In the nonpregnant state, the thyroid gland takes up to 80 to 100 μg of iodine daily. Iodide is absorbed and cleared by the kidneys (80%) and thyroid (20%). The maternal iodide pools are relatively lower in pregnancy due to increased maternal T 4 synthesis by the thyroid gland, the placental transfer of iodine for fetal iodine requirements, and renal iodide clearance that nearly doubles. Consequently, an increased consumption of iodine (50–150 μg/day) during pregnancy and lactation is required to maintain adequate T 4 production. Iodine readily crosses the placenta via the sodium/iodine symporter. The fetal thyroid develops by 10-12 weeks and is capable of iodine uptake and accumulation by 12 weeks’ gestation. A substantial amount of iodine is diverted toward the fetoplacental unit for fetal TH production.

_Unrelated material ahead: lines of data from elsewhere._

lemma prod_less_balanced_on:
  fixes f :: "nat \<Rightarrow> nat"
  assumes smooth: "\<And>a b. lo \<le> a \<Longrightarrow> a + 2 \<le> b \<Longrightarrow> b < hi \<Longrightarrow>
      f a * f b < f (a + 1) * f (b - 1)"
    and pos: "\<And>s. lo \<le> s \<Longrightarrow> s < hi \<Longrightarrow> 0 < f s"
    and I: "finite I" and x: "balanced_on I x"
    and "\<forall>i\<in>I. lo \<le> y i \<and> y i < hi" "sum y I = sum x I" "\<not> balanced_on I y"
  shows "(\<Prod>i\<in>I. f (y i)) < (\<Prod>i\<in>I. f (x i))"
  using assms(5-7)
proof (induction "\<Sum>i\<in>I. y i ^ 2" arbitrary: y rule: less_induct)
  \<comment> \<open>Moving one unit from a large entry to an entry at least two smaller increases the
    product and decreases the sum of squares.\<close>
  case less
  then obtain i j where ij: "i \<in> I" "j \<in> I" "y i + 2 \<le> y j"
    using balanced_on_iff[OF I] by (auto simp: not_le)
  then have "i \<noteq> j" by auto
  define y' where "y' = y(i := y i + 1, j := y j - 1)"
  have y'_ij: "y' i = y i + 1" "y' j = y j - 1" using \<open>i \<noteq> j\<close> by (simp_all add: y'_def)
  have y'_rest: "y' k = y k" if "k \<in> I - {i, j}" for k using that by (simp add: y'_def)
  note sum_split = sum.remove_two[OF I ij(1,2) \<open>i \<noteq> j\<close>]
  note prod_split = prod.remove_two[OF I ij(1,2) \<open>i \<noteq> j\<close>]
  have y'_range: "\<forall>k\<in>I. lo \<le> y' k \<and> y' k < hi" using less.prems(1) ij by (auto simp: y'_def)
  have "sum y' I = sum y I"
    using sum_split[of y'] sum_split[of y] sum.cong[OF refl y'_rest] ij(3)
    by (simp add: y'_ij y'_rest)
  with less.prems(2) have y'_sum: "sum y' I = sum x I" by simp
  have "(y i + 1) ^ 2 + (y j - 1) ^ 2 < y i ^ 2 + y j ^ 2"
    using ij(3) by (auto simp: power2_eq_square le_iff_add algebra_simps)
  then have y'_sq: "(\<Sum>k\<in>I. y' k ^ 2) < (\<Sum>k\<in>I. y k ^ 2)"
    using sum_split[of "\<lambda>k. y' k ^ 2"] sum_split[of "\<lambda>k. y k ^ 2"]
      sum.cong[OF refl, of "I - {i, j}" "\<lambda>k. y' k ^ 2" "\<lambda>k. y k ^ 2"]
    by (simp add: y'_ij y'_rest)
  have "f (y i) * f (y j) < f (y' i) * f (y' j)"
    using smooth ij less.prems(1) by (simp add: y'_ij)
  moreover have "0 < (\<Prod>k\<in>I - {i, j}. f (y k))" by (rule prod_pos) (use less.prems(1) pos in blast)
  ultimately have "(\<Prod>k\<in>I. f (y k)) < (\<Prod>k\<in>I. f (y' k))"
    using prod_split[of "\<lambda>k. f (y' k)"] prod_split[of "\<lambda>k. f (y k)"]
      prod.cong[OF refl, of "I - {i, j}" "\<lambda>k. f (y' k)" "\<lambda>k. f (y k)"]
    by (simp add: y'_rest)
  also have "(\<Prod>k\<in>I. f (y' k)) \<le> (\<Prod>k\<in>I. f (x k))"
  proof (cases "balanced_on I y'")
    case True
    then show ?thesis using prod_balanced_on_eq[OF I True x y'_sum, of f] by simp
  next
    case False
    then show ?thesis using less.hyps[OF y'_sq y'_range y'_sum] by simp
  qed
  finally show ?case .
qed
lemma iAPD_ALS_fobj_step:
  assumes alg: "iAPD_ALS k s n A r \<epsilon> \<kappa> S U" and "0 \<le> \<epsilon>" "1 \<le> s" "s \<le> k"
  shows "fobj k n A (S p) (U p)
    \<le> fobj k n A (S (Suc p)) (U (Suc p)) + real (card (S p - S (Suc p))) * \<kappa>\<^sup>2"
proof -
  let ?L = "lam k n A U (Suc p)"
  have sub: "S (Suc p) \<subseteq> S p"
    using alg by (rule iAPD_ALS_columns_Suc_subset)
  have "finite (S p)"
    using alg by (rule iAPD_ALS_finite_columns)
  have "fobj k n A (S p) (U p) = (\<Sum>j\<in>S p. (?L 0 j)\<^sup>2)"
    by (rule fobj_eq_sum_lam_first_mode)
  also have "\<dots> \<le> (\<Sum>j\<in>S p. (?L s j)\<^sup>2)"
  proof (rule lift_Suc_mono_le_ivl[where f = "\<lambda>i. \<Sum>j\<in>S p. (?L i j)\<^sup>2" and N = "{..<s}"])
    show "(\<Sum>j\<in>S p. (?L i j)\<^sup>2) \<le> (\<Sum>j\<in>S p. (?L (Suc i) j)\<^sup>2)" if "i \<in> {..<s}" for i
      using iAPD_ALS_polar_mode_mono[OF alg \<open>0 \<le> \<epsilon>\<close> _ \<open>s \<le> k\<close>] that by blast
  qed auto
  also have "\<dots> = (\<Sum>j\<in>S p - S (Suc p). (?L s j)\<^sup>2) + (\<Sum>j\<in>S (Suc p). (?L s j)\<^sup>2)"
    using sub \<open>finite (S p)\<close> by (rule sum.subset_diff)
  also have "\<dots> \<le> real (card (S p - S (Suc p))) * \<kappa>\<^sup>2 + (\<Sum>j\<in>S (Suc p). (?L k j)\<^sup>2)"
  proof (rule add_mono)
    show "(\<Sum>j\<in>S p - S (Suc p). (?L s j)\<^sup>2) \<le> real (card (S p - S (Suc p))) * \<kappa>\<^sup>2"
      using iAPD_ALS_truncated_lam[OF assms(1,3,4)] by (rule sum_bounded_above)
    show "(\<Sum>j\<in>S (Suc p). (?L s j)\<^sup>2) \<le> (\<Sum>j\<in>S (Suc p). (?L k j)\<^sup>2)"
    proof (rule lift_Suc_mono_le_ivl[where f = "\<lambda>i. \<Sum>j\<in>S (Suc p). (?L i j)\<^sup>2"
          and N = "{s..<k}"])
      show "(\<Sum>j\<in>S (Suc p). (?L i j)\<^sup>2) \<le> (\<Sum>j\<in>S (Suc p). (?L (Suc i) j)\<^sup>2)"
        if "i \<in> {s..<k}" for i
        using iAPD_ALS_power_mode_mono[OF alg] that by (simp add: sum_mono)
    qed (use \<open>s \<le> k\<close> in auto)
  qed
  also have "\<dots> = real (card (S p - S (Suc p))) * \<kappa>\<^sup>2 + fobj k n A (S (Suc p)) (U (Suc p))"
    by (simp add: fobj_eq_sum_lam_last_mode)
  finally show ?thesis by simp
qed

lemma iAPD_ALS_fobj_lower_bound:
  assumes alg: "iAPD_ALS k s n A r \<epsilon> \<kappa> S U" and "0 \<le> \<epsilon>" "1 \<le> s" "s \<le> k"
  shows "fobj k n A (S 0) (U 0) \<le> fobj k n A (S p) (U p) + (real r - real (card (S p))) * \<kappa>\<^sup>2"
proof (induction p)
  case 0
  show ?case by (simp add: iAPD_ALS_init(1)[OF alg])
next
  case (Suc p)
  have sub: "S (Suc p) \<subseteq> S p"
    using alg by (rule iAPD_ALS_columns_Suc_subset)
  have "finite (S p)"
    using alg by (rule iAPD_ALS_finite_columns)
  then have "real (card (S p - S (Suc p))) = real (card (S p)) - real (card (S (Suc p)))"
    using sub by (simp add: card_Diff_subset finite_subset card_mono of_nat_diff)
  with Suc.IH iAPD_ALS_fobj_step[OF assms, of p] show ?case
    by (simp add: algebra_simps)
qed

lemma iAPD_ALS_columns_nonempty:
  assumes alg: "iAPD_ALS k s n A r \<epsilon> \<kappa> S U" and "0 \<le> \<epsilon>" "1 \<le> s" "s \<le> k"
  shows "S p \<noteq> {}"
proof
  assume "S p = {}"
  then have "fobj k n A (S 0) (U 0) \<le> real r * \<kappa>\<^sup>2"
    using iAPD_ALS_fobj_lower_bound[OF assms, of p] by (simp add: fobj_def)
  with iAPD_ALS_init(4)[OF alg] show False by simp
qed

theorem proposition5p5:
  fixes k s r :: nat and n :: "nat \<Rightarrow> nat" and A :: "(nat \<Rightarrow> nat) \<Rightarrow> real"
    and \<epsilon> \<kappa> :: real
    and S :: "nat \<Rightarrow> nat set" and U :: "nat \<Rightarrow> nat \<Rightarrow> nat \<Rightarrow> nat \<Rightarrow> real"
  assumes "k \<ge> 3" and "1 \<le> s" and "s \<le> k"
    and "\<forall>i<k. n i \<ge> 1"
    and "\<forall>i<s. r \<le> n i"
    and "\<exists>idx\<in>idxs k n. A idx \<noteq> 0"
    and "\<epsilon> > 0"
    and "iAPD_ALS k s n A r \<epsilon> \<kappa> S U"
  shows "(\<exists>t N. 0 < t \<and> t \<le> r \<and> (\<forall>p\<ge>N. card (S p) = t)) \<and>
         (\<exists>N0. \<forall>p\<ge>N0. fobj k n A (S p) (U p) \<le> fobj k n A (S (Suc p)) (U (Suc p)))"
proof -
  note alg = \<open>iAPD_ALS k s n A r \<epsilon> \<kappa> S U\<close>
  have "0 \<le> \<epsilon>" using \<open>\<epsilon> > 0\<close> by simp
  have fin: "finite (S p)" for p
    using alg by (rule iAPD_ALS_finite_columns)
  obtain N where N: "\<And>p. N \<le> p \<Longrightarrow> S p = S N"
    using decreasing_finite_sets_stabilize[of S, OF fin iAPD_ALS_columns_Suc_subset[OF alg]] by blast
  have "0 < card (S N)"
    using iAPD_ALS_columns_nonempty[OF alg \<open>0 \<le> \<epsilon>\<close> \<open>1 \<le> s\<close> \<open>s \<le> k\<close>] fin
    by (simp add: card_gt_0_iff)
  moreover have "card (S N) \<le> r"
    using card_mono[OF _ iAPD_ALS_columns_subset[OF alg]] by simp
  moreover have "fobj k n A (S p) (U p) \<le> fobj k n A (S (Suc p)) (U (Suc p))" if "N \<le> p" for p
    using iAPD_ALS_fobj_step[OF alg \<open>0 \<le> \<epsilon>\<close> \<open>1 \<le> s\<close> \<open>s \<le> k\<close>, of p] N[OF that] N[of "Suc p"] that
    by simp
  ultimately show ?thesis
    using N by metis
qed

end
lemma rule_output_both_grow:
  assumes p: "is_partition la" "is_partition mu" "is_partition nu"
    and s: "domino_step la mu" "domino_step la nu" and ne: "la \<noteq> mu" "la \<noteq> nu"
  shows "rule_output 0 la mu nu (local_rule 0 la mu nu)"
proof -
  note mu = domino_stepE[OF s(1) ne(1)[symmetric]] and nu = domino_stepE[OF s(2) ne(2)[symmetric]]
  consider "(nu - la) \<inter> (mu - la) = {}" | "nu - la = mu - la" "(nu - la) \<inter> (mu - la) \<noteq> {}"
    | "nu - la \<noteq> mu - la" "(nu - la) \<inter> (mu - la) \<noteq> {}" by blast
  then show ?thesis
  proof cases
    case 1
    then show ?thesis using rule_output_disjoint[OF p s ne] by simp
  next
    case 2
    then have "nu = mu" using mu(3) nu(3) by metis
    from mu(2) show ?thesis
    proof (cases rule: is_dominoE)
      case (1 a b)
      then show ?thesis using rule_output_same_vdomino[OF p(1,2)] mu(3,4) \<open>nu = mu\<close> by metis
    next
      case (2 a b)
      then show ?thesis using rule_output_same_hdomino[OF p(1,2)] mu(3,4) \<open>nu = mu\<close> by metis
    qed
  next
    case 3
    have "is_partition (la \<union> (nu - la))" "is_partition (la \<union> (mu - la))"
      using p(2,3) mu(3) nu(3) by simp_all
    from overlapping_added_dominoes[OF this nu(4) mu(4) nu(2) mu(2) 3]
    show ?thesis
    proof cases
      case (1 k l)
      then show ?thesis using rule_output_overlap[OF p(1,2) _ p(3)] mu(3,4) nu(3,4) by metis
    next
      case (2 k l)
      then have "rule_output 0 la nu mu (local_rule 0 la nu mu)"
        using rule_output_overlap[OF p(1,3) _ p(2)] mu(3,4) nu(3,4) by metis
      moreover have "card ((nu - la) \<inter> (mu - la)) = 1" using 2 vdomino_Int_hdomino by simp
      ultimately show ?thesis
        using rule_output_symmetric local_rule_symmetric[OF ne] 3 mu(3) nu(3) by metis
    qed
  qed
qed

theorem local_rule_output:
  assumes "rule_input m la mu nu"
  shows "rule_output m la mu nu (local_rule m la mu nu)"
proof -
  have p: "is_partition la" "is_partition mu" "is_partition nu" and s: "domino_step la mu" "domino_step la nu"
    and m: "m \<in> {-1, 0, 1}" and trivial: "m \<noteq> 0 \<Longrightarrow> mu = la \<and> nu = la"
    using assms unfolding rule_input_def by auto
  consider "m = 1" | "m = -1" | "m = 0" "la = mu" | "m = 0" "la \<noteq> mu" "la = nu"
    | "m = 0" "la \<noteq> mu" "la \<noteq> nu" using m by auto
  then show ?thesis
  proof cases
    case 1 then show ?thesis using rule_output_first_row[OF p(1)] trivial by simp
  next
    case 2 then show ?thesis using rule_output_first_col[OF p(1)] trivial by simp
  next
    case 3 then show ?thesis using rule_output_left_trivial[OF p(3) s(2)] by simp
  next
    case 4 then show ?thesis using rule_output_right_trivial[OF p(2) s(1)] by simp
  next
    case 5 then show ?thesis using rule_output_both_grow[OF p s] by simp
  qed
qed

lemma rule_inputI:
  "is_partition la \<Longrightarrow> is_partition mu \<Longrightarrow> is_partition nu \<Longrightarrow> domino_step la mu \<Longrightarrow> domino_step la nu
    \<Longrightarrow> m \<in> {-1, 0, 1} \<Longrightarrow> (m \<noteq> 0 \<Longrightarrow> mu = la \<and> nu = la) \<Longrightarrow> rule_input m la mu nu"
  unfolding rule_input_def by blast

lemma domino_stepI: "la \<subseteq> mu \<Longrightarrow> is_domino (mu - la) \<Longrightarrow> domino_step la mu"
  unfolding domino_step_def by blast

lemma added_hdomino_at_row_end:
  assumes mu: "is_partition mu" and rho: "is_partition (mu \<union> hdomino a b)"
    and disj: "mu \<inter> hdomino a b = {}" and ab: "1 \<le> a" "1 \<le> b"
  shows "b = row_len mu a + 1"
proof -
  have "(a, b) \<notin> mu" using disj unfolding hdomino_def by auto
  then have "row_len mu a < b" using mem_partition_iff_row_len[OF mu, of a b] ab by auto
  moreover have "b - 1 \<le> row_len mu a"
  proof (cases "b = 1")
    case False
    then have "(a, b - 1) \<in> mu \<union> hdomino a b"
      using partition_down_closed[OF rho, of a b a "b - 1"] ab unfolding hdomino_def by auto
    then have "(a, b - 1) \<in> mu" unfolding hdomino_def using False ab by auto
    then show ?thesis using mem_partition_iff_row_len[OF mu] by blast
  qed simp
  ultimately show ?thesis by simp
qed

lemma added_vdomino_at_col_end:
  assumes mu: "is_partition mu" and rho: "is_partition (mu \<union> vdomino a b)"
    and disj: "mu \<inter> vdomino a b = {}" and ab: "1 \<le> a" "1 \<le> b"
  shows "a = col_len mu b + 1"
proof -
  have "(a, b) \<notin> mu" using disj unfolding vdomino_def by auto
  then have "col_len mu b < a" using mem_partition_iff_col_len[OF mu, of a b] ab by auto
  moreover have "a - 1 \<le> col_len mu b"
  proof (cases "a = 1")
    case False
    then have "(a - 1, b) \<in> mu \<union> vdomino a b"
      using partition_down_closed[OF rho, of a b "a - 1" b] ab unfolding vdomino_def by auto
    then have "(a - 1, b) \<in> mu" unfolding vdomino_def using False ab by auto
    then show ?thesis using mem_partition_iff_col_len[OF mu] by blast
  qed simp
  ultimately show ?thesis by simp
qed

lemma inverse_exists_same_hdomino:
  assumes mu: "is_partition mu" and rho: "is_partition rho" "rho = mu \<union> hdomino a b"
    and disj: "mu \<inter> hdomino a b = {}" and ab: "1 \<le> a" "1 \<le> b"
  shows "\<exists>m la. rule_input m la mu mu \<and> local_rule m la mu mu = rho"
proof -
  have b: "b = row_len mu a + 1" using added_hdomino_at_row_end[OF mu rho(1)[unfolded rho(2)] disj ab] .
  show ?thesis
  proof (cases "a = 1")
    case True
    then have "local_rule 1 mu mu mu = rho" unfolding local_rule_def rho(2) b hdomino_def by simp
    then show ?thesis using mu by (intro exI[of _ 1] exI[of _ mu]) (auto intro!: rule_inputI)
  next
    case False
    define k where "k = a - 1"
    define L where "L = row_len mu k"
    have k: "a = k + 1" "1 \<le> k" using False ab k_def by auto
    have "(a, b + 1) \<in> rho" unfolding rho(2) hdomino_def by simp
    then have "(k, b + 1) \<in> mu"
      using partition_down_closed[OF rho(1), of a "b + 1" k "b + 1"] k unfolding rho(2) hdomino_def by auto
    then have "b + 1 \<le> L" using mem_partition_iff_row_len[OF mu] L_def by blast
    have below: "(k + 1, L - 1) \<notin> mu"
    proof
      assume "(k + 1, L - 1) \<in> mu"
      then have "(a, b) \<in> mu" by (rule partition_down_closed[OF mu]) (use k ab \<open>b + 1 \<le> L\<close> in auto)
      with disj show False unfolding hdomino_def by auto
    qed
    define D where "D = hdomino k (L - 1)"
    define la where "la = mu - D"
    have la: "is_partition la" "D \<subseteq> mu"
      using partition_Diff_hdomino_row_end[OF mu L_def[symmetric] _ below] \<open>b + 1 \<le> L\<close> ab
      unfolding la_def D_def by auto
    have D: "is_domino D" unfolding D_def using k(2) \<open>b + 1 \<le> L\<close> ab by (intro is_domino_hdomino) auto
    have mu_eq: "mu = la \<union> D" and la_disj: "la \<inter> D = {}" using la(2) unfolding la_def by auto
    have "local_rule 0 la mu mu = mu \<union> hdomino (k + 1) (row_len mu (k + 1) + 1)"
      unfolding mu_eq D_def by (rule local_rule_same_hdomino) (use la_disj D_def in simp)
    also have "\<dots> = rho" unfolding rho(2) b k by simp
    finally have "local_rule 0 la mu mu = rho" .
    moreover have "domino_step la mu" unfolding mu_eq by (rule domino_step_Un_disjoint(1)[OF la_disj D])
    ultimately show ?thesis using la(1) mu
      by (intro exI[of _ 0] exI[of _ la]) (auto intro!: rule_inputI)
  qed
qed

lemma inverse_exists_same_vdomino:
  assumes mu: "is_partition mu" and rho: "is_partition rho" "rho = mu \<union> vdomino a b"
    and disj: "mu \<inter> vdomino a b = {}" and ab: "1 \<le> a" "1 \<le> b"
  shows "\<exists>m la. rule_input m la mu mu \<and> local_rule m la mu mu = rho"
proof -
  have a: "a = col_len mu b + 1" using added_vdomino_at_col_end[OF mu rho(1)[unfolded rho(2)] disj ab] .
  show ?thesis
  proof (cases "b = 1")
    case True
    then have "local_rule (-1) mu mu mu = rho" unfolding local_rule_def rho(2) a vdomino_def by simp
    then show ?thesis using mu by (intro exI[of _ "-1"] exI[of _ mu]) (auto intro!: rule_inputI)
  next
    case False
    define l where "l = b - 1"
    define C where "C = col_len mu l"
    have l: "b = l + 1" "1 \<le> l" using False ab l_def by auto
    have "(a + 1, b) \<in> rho" unfolding rho(2) vdomino_def by simp
    then have "(a + 1, l) \<in> mu"
      using partition_down_closed[OF rho(1), of "a + 1" b "a + 1" l] l unfolding rho(2) vdomino_def by auto
    then have "a + 1 \<le> C" using mem_partition_iff_col_len[OF mu] C_def by blast
    have right: "(C - 1, l + 1) \<notin> mu"
    proof
      assume "(C - 1, l + 1) \<in> mu"
      then have "(a, b) \<in> mu" by (rule partition_down_closed[OF mu]) (use l ab \<open>a + 1 \<le> C\<close> in auto)
      with disj show False unfolding vdomino_def by auto
    qed
    define D where "D = vdomino (C - 1) l"
    define la where "la = mu - D"
    have la: "is_partition la" "D \<subseteq> mu"
      using partition_Diff_vdomino_col_end[OF mu C_def[symmetric] _ right] \<open>a + 1 \<le> C\<close> ab
      unfolding la_def D_def by auto
    have D: "is_domino D" unfolding D_def using l(2) \<open>a + 1 \<le> C\<close> ab by (intro is_domino_vdomino) auto
    have mu_eq: "mu = la \<union> D" and la_disj: "la \<inter> D = {}" using la(2) unfolding la_def by auto
    have "local_rule 0 la mu mu = mu \<union> vdomino (col_len mu (l + 1) + 1) (l + 1)"
      unfolding mu_eq D_def
      by (rule local_rule_same_vdomino) (use la_disj D_def l(2) \<open>a + 1 \<le> C\<close> ab in auto)
    also have "\<dots> = rho" unfolding rho(2) a l by simp
    finally have "local_rule 0 la mu mu = rho" .
    moreover have "domino_step la mu" unfolding mu_eq by (rule domino_step_Un_disjoint(1)[OF la_disj D])
    ultimately show ?thesis using la(1) mu
      by (intro exI[of _ 0] exI[of _ la]) (auto intro!: rule_inputI)
  qed
qed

Worldwide, iodine deficiency is still a common cause of severe neurodevelopmental dysfunction and impaired cognition. Iodine deficiency and hypothyroidism in pregnancy continue to be a worldwide problem. , In the United States, mild to moderate iodine deficiency is often present due to a lack of mandated iodine supplementation in salt and even more pronounced in other countries, including Europe. The National Academy of Medicine, formerly the Institute of Medicine, and the recently released United States Departments of Agriculture and Health and Human Services Dietary Guidelines for Americans recommend a total daily iodine intake of 150 μg/day prepregnancy, 220 μg/day for pregnant persons, and 290 μg/day during lactation. , The World Health Organization and the American Thyroid Association (ATA) recommend 250 μg/day of iodine during pregnancy.
Dietary iodine sources vary globally and across the United States. Salt iodization significantly decreased the rates of childhood goiters and has been the primary source of iodine fortification in the United States, but only 50% of table salts are iodinized. One teaspoon of iodized salt contains 272 μg of iodine. Other sources of iodine include dairy, commercially-baked breads, seafood, eggs, meat, and poultry. The American Academy of Pediatrics and ATA have recommended prenatal supplementation containing 150 μg potassium iodide as dietary adequacy is often difficult to determine. , As of 2017, only 40% of commonly sold prenatal vitamins contained iodine and 25% of those supplements used kelp-based sources. Kelp can have variable, but sometimes extremely high, iodine content and is not the recommended source in pregnancy.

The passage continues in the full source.